Some inorganic or organic peroxides in solution.

2. A composition according to claim 1, wherein is added some organic surface active agent than gives antistatic electrical charge protection in more than 2% concentration calculated on the treatment solid content, like etoxilated alkyl sulphate or alkyl phosphate neutralized with ammonia, lithium, sodium or potassium, or a polyoxyethylene copolymer including also a mixture or such kind of compound with the former ones.

3. A composition according to claim 1, wherein is added a liquid containing silane or a silane mix as adhesion promoters, cross-linkers or hydrophobic agents.

4. A composition according to claim 1, wherein is added a maximum of 8% of a solid organic wax, calculated on dry film weight.
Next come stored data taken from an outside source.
definition coxeter_group :: "('s \<Rightarrow> 's \<Rightarrow> enat) \<Rightarrow> 's word set monoid" where
  "coxeter_group m = presented_group UNIV (coxeter_rels m)"

definition cox_gen :: "('s \<Rightarrow> 's \<Rightarrow> enat) \<Rightarrow> 's \<Rightarrow> 's word set" where
  "cox_gen m s = pres_gen UNIV (coxeter_rels m) s"

definition cox_prod :: "('s \<Rightarrow> 's \<Rightarrow> enat) \<Rightarrow> 's list \<Rightarrow> 's word set" where
  "cox_prod m ss = foldr (\<lambda>s acc. cox_gen m s \<otimes>\<^bsub>coxeter_group m\<^esub> acc) ss \<one>\<^bsub>coxeter_group m\<^esub>"

definition reduced_expr :: "('s \<Rightarrow> 's \<Rightarrow> enat) \<Rightarrow> 's word set \<Rightarrow> 's list \<Rightarrow> bool" where
  "reduced_expr m w ss \<longleftrightarrow> cox_prod m ss = w \<and> (\<forall>ts. cox_prod m ts = w \<longrightarrow> length ss \<le> length ts)"

definition coxeter_quandle :: "('s \<Rightarrow> 's \<Rightarrow> enat) \<Rightarrow> 's word set set" where
  "coxeter_quandle m = (\<Union>w\<in>carrier (coxeter_group m). \<Union>s. 
      {inv\<^bsub>coxeter_group m\<^esub> w \<otimes>\<^bsub>coxeter_group m\<^esub> cox_gen m s \<otimes>\<^bsub>coxeter_group m\<^esub> w})"

definition quandle_op :: "('s \<Rightarrow> 's \<Rightarrow> enat) \<Rightarrow> 's word set \<Rightarrow> 's word set \<Rightarrow> 's word set" where
  "quandle_op m x y = y \<otimes>\<^bsub>coxeter_group m\<^esub> x \<otimes>\<^bsub>coxeter_group m\<^esub> y"

definition adj_rels :: "('s \<Rightarrow> 's \<Rightarrow> enat) \<Rightarrow> ('s word set word \<times> 's word set word) set" where
  "adj_rels m = {([(y, False), (x, True), (y, True)], [(quandle_op m x y, True)]) | x y.
                  x \<in> coxeter_quandle m \<and> y \<in> coxeter_quandle m}"

definition adj_group :: "('s \<Rightarrow> 's \<Rightarrow> enat) \<Rightarrow> 's word set word set monoid" where
  "adj_group m = presented_group (coxeter_quandle m) (adj_rels m)"

definition adj_gen :: "('s \<Rightarrow> 's \<Rightarrow> enat) \<Rightarrow> 's word set \<Rightarrow> 's word set word set" where
  "adj_gen m x = pres_gen (coxeter_quandle m) (adj_rels m) x"

definition adj_phi :: "('s \<Rightarrow> 's \<Rightarrow> enat) \<Rightarrow> 's word set word set \<Rightarrow> 's word set" where
  "adj_phi m = induced_map (coxeter_group m) id"

definition C_group :: "('s \<Rightarrow> 's \<Rightarrow> enat) \<Rightarrow> 's word set word set monoid" where
  "C_group m = (adj_group m)\<lparr>carrier := kernel (adj_group m) (coxeter_group m) (adj_phi m)\<rparr>"

definition F_map :: "('s \<Rightarrow> 's \<Rightarrow> enat) \<Rightarrow> 's word set \<Rightarrow> 's word set word set" where
  "F_map m w = foldr (\<lambda>s acc. adj_gen m (cox_gen m s) \<otimes>\<^bsub>adj_group m\<^esub> acc)
                 (SOME ss. reduced_expr m w ss) \<one>\<^bsub>adj_group m\<^esub>"

definition cox_c :: "('s \<Rightarrow> 's \<Rightarrow> enat) \<Rightarrow> 's word set \<Rightarrow> 's word set \<Rightarrow> 's word set word set" where
  "cox_c m w1 w2 = F_map m w1 \<otimes>\<^bsub>adj_group m\<^esub> F_map m w2 \<otimes>\<^bsub>adj_group m\<^esub>
                    inv\<^bsub>adj_group m\<^esub> (F_map m (w1 \<otimes>\<^bsub>coxeter_group m\<^esub> w2))"

section \<open>Second cohomology with coefficients in a trivial module (written multiplicatively)\<close>

definition two_cocycle :: "('g, 'm) monoid_scheme \<Rightarrow> ('k, 'n) monoid_scheme \<Rightarrow> ('g \<Rightarrow> 'g \<Rightarrow> 'k) \<Rightarrow> bool" where
  "two_cocycle G K c \<longleftrightarrow>
     (\<forall>a\<in>carrier G. \<forall>b\<in>carrier G. c a b \<in> carrier K) \<and>
     (\<forall>a\<in>carrier G. \<forall>b\<in>carrier G. \<forall>d\<in>carrier G.
        c b d \<otimes>\<^bsub>K\<^esub> c a (b \<otimes>\<^bsub>G\<^esub> d) = c (a \<otimes>\<^bsub>G\<^esub> b) d \<otimes>\<^bsub>K\<^esub> c a b)"

definition normalized_two_cocycle :: "('g, 'm) monoid_scheme \<Rightarrow> ('k, 'n) monoid_scheme \<Rightarrow> ('g \<Rightarrow> 'g \<Rightarrow> 'k) \<Rightarrow> bool" where
  "normalized_two_cocycle G K c \<longleftrightarrow> two_cocycle G K c \<and>
     (\<forall>a\<in>carrier G. c \<one>\<^bsub>G\<^esub> a = \<one>\<^bsub>K\<^esub> \<and> c a \<one>\<^bsub>G\<^esub> = \<one>\<^bsub>K\<^esub>)"

definition cohomologous :: "('g, 'm) monoid_scheme \<Rightarrow> ('k, 'n) monoid_scheme \<Rightarrow> ('g \<Rightarrow> 'g \<Rightarrow> 'k) \<Rightarrow> ('g \<Rightarrow> 'g \<Rightarrow> 'k) \<Rightarrow> bool" where
  "cohomologous G K c d \<longleftrightarrow> (\<exists>f \<in> carrier G \<rightarrow> carrier K. \<forall>a\<in>carrier G. \<forall>b\<in>carrier G.
       c a b = d a b \<otimes>\<^bsub>K\<^esub> (f a \<otimes>\<^bsub>K\<^esub> f b \<otimes>\<^bsub>K\<^esub> inv\<^bsub>K\<^esub> (f (a \<otimes>\<^bsub>G\<^esub> b))))"

definition coh_class :: "('g, 'm) monoid_scheme \<Rightarrow> ('k, 'n) monoid_scheme \<Rightarrow> ('g \<Rightarrow> 'g \<Rightarrow> 'k) \<Rightarrow> ('g \<Rightarrow> 'g \<Rightarrow> 'k) set" where
  "coh_class G K c = {d. two_cocycle G K d \<and> cohomologous G K d c}"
5. A composition according to claim 1, wherein is added by polymerising around the core of the emulsified micelles a thin shell of a conducting polymer.

6. A composition according to claim 5, wherein the conductive organic polymer is poly-pyrrol, poly-aniline or poly-thiophene.

7. Process for the metallic surface treatment which comprises applying an appropriate amount of the composition according to any one of claims 1 to 5 to a clean metallic surface as a wet film, and drying or curing at a temperature ranging between 40° C. and 240° C. leaving then on the metal surface an optically transparent dry film from 0.4 to 5 g/m2.

8. Process according to claim 7 wherein the temperature is measured in the surface of the metal with a contact thermocouple, diluting the compositions with extra water to adjust the final dry film thickness.

9. Process according to claim 7 wherein the optically transparent dry film is from 0.7 to 1.3 g/m2.

10. Process according to claim 7 wherein the drying or curing is made by hot air streams, or inductive heating of the metal sheet, or with radiations like IR, UV or Electron-beams.